## TASK REQUIREMENTS
Your answer should be every line of the records that contains the word "split", copied as it stands.

Records from a data collection:
——

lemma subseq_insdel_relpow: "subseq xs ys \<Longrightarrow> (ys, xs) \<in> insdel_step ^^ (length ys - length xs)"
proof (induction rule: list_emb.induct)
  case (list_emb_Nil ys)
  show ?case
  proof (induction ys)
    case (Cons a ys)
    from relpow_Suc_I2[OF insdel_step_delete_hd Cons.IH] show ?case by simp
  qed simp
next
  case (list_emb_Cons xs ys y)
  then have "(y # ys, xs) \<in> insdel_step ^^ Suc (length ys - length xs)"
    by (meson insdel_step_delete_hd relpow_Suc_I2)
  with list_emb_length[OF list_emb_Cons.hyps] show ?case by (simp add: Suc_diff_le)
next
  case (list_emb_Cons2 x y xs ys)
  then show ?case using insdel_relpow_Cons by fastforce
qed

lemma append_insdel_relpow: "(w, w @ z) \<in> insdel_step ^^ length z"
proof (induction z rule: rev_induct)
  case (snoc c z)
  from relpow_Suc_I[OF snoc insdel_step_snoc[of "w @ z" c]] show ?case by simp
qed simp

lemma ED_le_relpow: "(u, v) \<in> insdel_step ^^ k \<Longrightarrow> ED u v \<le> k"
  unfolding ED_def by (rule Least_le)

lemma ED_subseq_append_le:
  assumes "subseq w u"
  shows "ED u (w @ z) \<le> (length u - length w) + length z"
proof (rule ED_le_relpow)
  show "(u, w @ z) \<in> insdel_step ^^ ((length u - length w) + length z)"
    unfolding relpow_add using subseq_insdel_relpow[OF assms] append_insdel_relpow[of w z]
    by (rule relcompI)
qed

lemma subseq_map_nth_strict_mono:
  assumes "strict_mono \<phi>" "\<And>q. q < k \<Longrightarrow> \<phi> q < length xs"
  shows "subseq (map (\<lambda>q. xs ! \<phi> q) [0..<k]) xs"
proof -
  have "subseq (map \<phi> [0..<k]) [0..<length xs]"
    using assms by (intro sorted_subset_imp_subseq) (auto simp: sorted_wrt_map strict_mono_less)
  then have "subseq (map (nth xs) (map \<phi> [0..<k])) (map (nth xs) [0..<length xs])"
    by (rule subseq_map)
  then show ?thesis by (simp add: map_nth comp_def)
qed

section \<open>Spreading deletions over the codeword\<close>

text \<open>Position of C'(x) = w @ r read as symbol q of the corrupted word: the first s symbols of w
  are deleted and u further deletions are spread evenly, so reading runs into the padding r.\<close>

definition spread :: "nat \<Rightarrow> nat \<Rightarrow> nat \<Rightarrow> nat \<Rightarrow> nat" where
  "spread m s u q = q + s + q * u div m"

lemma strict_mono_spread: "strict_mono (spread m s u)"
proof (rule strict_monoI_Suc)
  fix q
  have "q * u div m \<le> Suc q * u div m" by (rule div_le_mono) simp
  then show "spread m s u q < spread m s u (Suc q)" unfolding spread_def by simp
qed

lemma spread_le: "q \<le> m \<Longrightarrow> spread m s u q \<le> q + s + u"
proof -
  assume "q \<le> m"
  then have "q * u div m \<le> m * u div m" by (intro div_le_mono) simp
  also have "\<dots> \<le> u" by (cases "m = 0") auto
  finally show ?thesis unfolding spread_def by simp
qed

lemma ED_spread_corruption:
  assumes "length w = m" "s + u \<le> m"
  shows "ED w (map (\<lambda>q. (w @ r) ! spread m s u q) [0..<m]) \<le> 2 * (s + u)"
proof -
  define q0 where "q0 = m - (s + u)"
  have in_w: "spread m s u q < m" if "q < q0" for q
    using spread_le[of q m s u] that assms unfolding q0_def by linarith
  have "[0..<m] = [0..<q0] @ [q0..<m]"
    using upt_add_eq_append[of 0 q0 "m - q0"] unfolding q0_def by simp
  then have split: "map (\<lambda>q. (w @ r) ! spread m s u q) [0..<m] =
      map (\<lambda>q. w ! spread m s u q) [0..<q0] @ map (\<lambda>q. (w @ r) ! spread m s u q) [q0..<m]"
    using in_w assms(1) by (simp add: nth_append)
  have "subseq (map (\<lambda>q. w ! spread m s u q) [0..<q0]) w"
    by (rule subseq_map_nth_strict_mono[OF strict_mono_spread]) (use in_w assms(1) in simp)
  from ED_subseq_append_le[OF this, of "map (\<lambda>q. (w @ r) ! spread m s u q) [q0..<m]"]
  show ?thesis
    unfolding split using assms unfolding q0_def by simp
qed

——

## RESPONSE
  then have split: "map (\<lambda>q. (w @ r) ! spread m s u q) [0..<m] =
    unfolding split using assms unfolding q0_def by simp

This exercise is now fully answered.